lemma prod_sgn_b: "finite S \<Longrightarrow> (\<Prod>i\<in>S. sgn_b (P i)) = sgn_b (odd (card {i\<in>S. P i}))"
proof (induction S rule: finite_induct)
  case (insert x S)
  show ?case
  proof (cases "P x")
    case True
    then have "{i \<in> insert x S. P i} = insert x {i\<in>S. P i}"
      by auto
    with insert True show ?thesis
      by (simp add: sgn_b_def)
  next
    case False
    then have "{i \<in> insert x S. P i} = {i\<in>S. P i}"
      by auto
    with insert False show ?thesis
      by (simp add: sgn_b_def)
  qed
qed (simp add: sgn_b_def)

lemma sum_Pow_prod_sgn_b:
  "finite M \<Longrightarrow> (\<Sum>S\<in>Pow M. \<Prod>i\<in>S. sgn_b (P i)) = (if \<forall>i\<in>M. \<not> P i then 2 ^ card M else 0)"
proof (induction M rule: finite_induct)
  case (insert x M)
  have "inj_on (insert x) (Pow M)" and "Pow M \<inter> insert x ` Pow M = {}"
    using insert(2) by (auto simp: inj_on_def)
  then have "(\<Sum>S\<in>Pow (insert x M). \<Prod>i\<in>S. sgn_b (P i))
      = (\<Sum>S\<in>Pow M. \<Prod>i\<in>S. sgn_b (P i)) + (\<Sum>S\<in>Pow M. \<Prod>i\<in>insert x S. sgn_b (P i))"
    using insert(1) by (simp add: Pow_insert sum.union_disjoint sum.reindex)
  also have "(\<Sum>S\<in>Pow M. \<Prod>i\<in>insert x S. sgn_b (P i)) = sgn_b (P x) * (\<Sum>S\<in>Pow M. \<Prod>i\<in>S. sgn_b (P i))"
  proof (unfold sum_distrib_left, intro sum.cong refl)
    fix S assume "S \<in> Pow M"
    then have "finite S" "x \<notin> S"
      using insert finite_subset by auto
    then show "(\<Prod>i\<in>insert x S. sgn_b (P i)) = sgn_b (P x) * (\<Prod>i\<in>S. sgn_b (P i))"
      by simp
  qed
  finally show ?case
    using insert by (simp add: sgn_b_def)
qed simp

definition bits_to_nat :: "(nat \<Rightarrow> bool) \<Rightarrow> nat \<Rightarrow> nat" where
  "bits_to_nat b m = (\<Sum>i<m. 2 ^ i * (if b i then 1 else 0))"

lemma bits_to_nat_less: "bits_to_nat b m < 2 ^ m"
  by (induction m) (simp_all add: bits_to_nat_def)

lemma bit_less_two_power: "(r::nat) < 2 ^ m \<Longrightarrow> bit r j \<Longrightarrow> j < m"
  by (metis bit_take_bit_iff take_bit_nat_eq_self)

lemma bit_bits_to_nat: "bit (bits_to_nat b m) j \<longleftrightarrow> j < m \<and> b j"
proof (induction m)
  case (Suc m)
  have disjoint: "\<not> bit (bits_to_nat b m) i \<or> \<not> bit ((2::nat) ^ m) i" for i
    using bit_less_two_power[OF bits_to_nat_less] by (auto simp: bit_exp_iff)
  have "bits_to_nat b (Suc m) = bits_to_nat b m + (if b m then 2 ^ m else 0)"
    by (simp add: bits_to_nat_def)
  then show ?case
    using Suc.IH by (cases "b m") (auto simp: bit_disjunctive_add_iff[OF disjoint] bit_exp_iff less_Suc_eq)
qed (simp add: bits_to_nat_def)

lemma sign_majority:
  "sgn_b ((((p \<and> q) \<noteq> (p \<and> s)) \<noteq> (q \<and> s)) \<noteq> c) =
    (sgn_b (p \<noteq> c) + sgn_b (q \<noteq> c) + sgn_b (s \<noteq> c) - sgn_b (((p \<noteq> q) \<noteq> s) \<noteq> c)) / 2"
  by (cases p; cases q; cases s; cases c) (simp_all add: sgn_b_def)
(* For any compact domain $\mathcal{K}\subset\mathbb{R}^{d_x}$, if $N<\max(d_x+1,d_y)$ then $\mathcal{N}_N(\sigma_\alpha)$ is not dense in $C(\mathcal{K},\mathbb{R}^{d_y})$ with respect to the uniform norm on $\mathcal{K}$; i.e., leaky-ReLU networks of width $N$ do not have the universal approximation property for $C(\mathcal{K},\mathbb{R}^{d_y})$.
   Context: Fix $\alpha\in\mathbb{R}^+\setminus\{1\}$ and let $\sigma_\alpha(x)=x$ for $x>0$ and $\sigma_\alpha(x)=\alpha x$ for $x\le 0$, applied coordinatewise (leaky-ReLU). A leaky-ReLU network of width $N$ and depth $L$ from $\mathbb{R}^{d_x}$ to $\mathbb{R}^{d_y}$ is a map $x\mapsto W_{L+1}\sigma_\alpha(W_L(\cdots\sigma_\alpha(W_1x+b_1)\cdots)+b_L)+b_{L+1}$ with $W_1\in\mathbb{R}^{N\times d_x}$, $W_i\in\mathbb{R}^{N\times N}$ for $2\le i\le L$, $b_i\in\mathbb{R}^N$ for $1\le i\le L$, $W_{L+1}\in\mathbb{R}^{d_y\times N}$, $b_{L+1}\in\mathbb{R}^{d_y}$. $\mathcal{N}_N(\sigma_\alpha)$ denotes the set of all such networks of width $N$ over all depths $L$. *)

theory Defs
  imports "HOL-Analysis.Analysis"
begin

definition lrelu :: "real \<Rightarrow> real \<Rightarrow> real" where
  "lrelu \<alpha> x = (if x > 0 then x else \<alpha> * x)"

text \<open>Hidden states of width N are represented as functions nat => real,
  only indices i < N are meaningful (others are set to 0).\<close>
definition lrelu_act :: "real \<Rightarrow> nat \<Rightarrow> (nat \<Rightarrow> real) \<Rightarrow> (nat \<Rightarrow> real)" where
  "lrelu_act \<alpha> N v = (\<lambda>i. if i < N then lrelu \<alpha> (v i) else 0)"

definition first_layer ::
  "nat \<Rightarrow> (nat \<Rightarrow> 'dx \<Rightarrow> real) \<Rightarrow> (nat \<Rightarrow> real) \<Rightarrow> real^'dx::finite \<Rightarrow> (nat \<Rightarrow> real)" where
  "first_layer N W b x = (\<lambda>i. if i < N then (\<Sum>j\<in>UNIV. W i j * x $ j) + b i else 0)"

definition hidden_layer ::
  "nat \<Rightarrow> (nat \<Rightarrow> nat \<Rightarrow> real) \<Rightarrow> (nat \<Rightarrow> real) \<Rightarrow> (nat \<Rightarrow> real) \<Rightarrow> (nat \<Rightarrow> real)" where
  "hidden_layer N W b v = (\<lambda>i. if i < N then (\<Sum>j<N. W i j * v j) + b i else 0)"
________________________
### Task to carry out
Would you print exactly and only the lines of the material above that run from the line with "case (insert x M)" through the line with "case (Suc m)", both included?

### Task solution
  case (insert x M)
  have "inj_on (insert x) (Pow M)" and "Pow M \<inter> insert x ` Pow M = {}"
    using insert(2) by (auto simp: inj_on_def)
  then have "(\<Sum>S\<in>Pow (insert x M). \<Prod>i\<in>S. sgn_b (P i))
      = (\<Sum>S\<in>Pow M. \<Prod>i\<in>S. sgn_b (P i)) + (\<Sum>S\<in>Pow M. \<Prod>i\<in>insert x S. sgn_b (P i))"
    using insert(1) by (simp add: Pow_insert sum.union_disjoint sum.reindex)
  also have "(\<Sum>S\<in>Pow M. \<Prod>i\<in>insert x S. sgn_b (P i)) = sgn_b (P x) * (\<Sum>S\<in>Pow M. \<Prod>i\<in>S. sgn_b (P i))"
  proof (unfold sum_distrib_left, intro sum.cong refl)
    fix S assume "S \<in> Pow M"
    then have "finite S" "x \<notin> S"
      using insert finite_subset by auto
    then show "(\<Prod>i\<in>insert x S. sgn_b (P i)) = sgn_b (P x) * (\<Prod>i\<in>S. sgn_b (P i))"
      by simp
  qed
  finally show ?case
    using insert by (simp add: sgn_b_def)
qed simp

definition bits_to_nat :: "(nat \<Rightarrow> bool) \<Rightarrow> nat \<Rightarrow> nat" where
  "bits_to_nat b m = (\<Sum>i<m. 2 ^ i * (if b i then 1 else 0))"

lemma bits_to_nat_less: "bits_to_nat b m < 2 ^ m"
  by (induction m) (simp_all add: bits_to_nat_def)

lemma bit_less_two_power: "(r::nat) < 2 ^ m \<Longrightarrow> bit r j \<Longrightarrow> j < m"
  by (metis bit_take_bit_iff take_bit_nat_eq_self)

lemma bit_bits_to_nat: "bit (bits_to_nat b m) j \<longleftrightarrow> j < m \<and> b j"
proof (induction m)
  case (Suc m)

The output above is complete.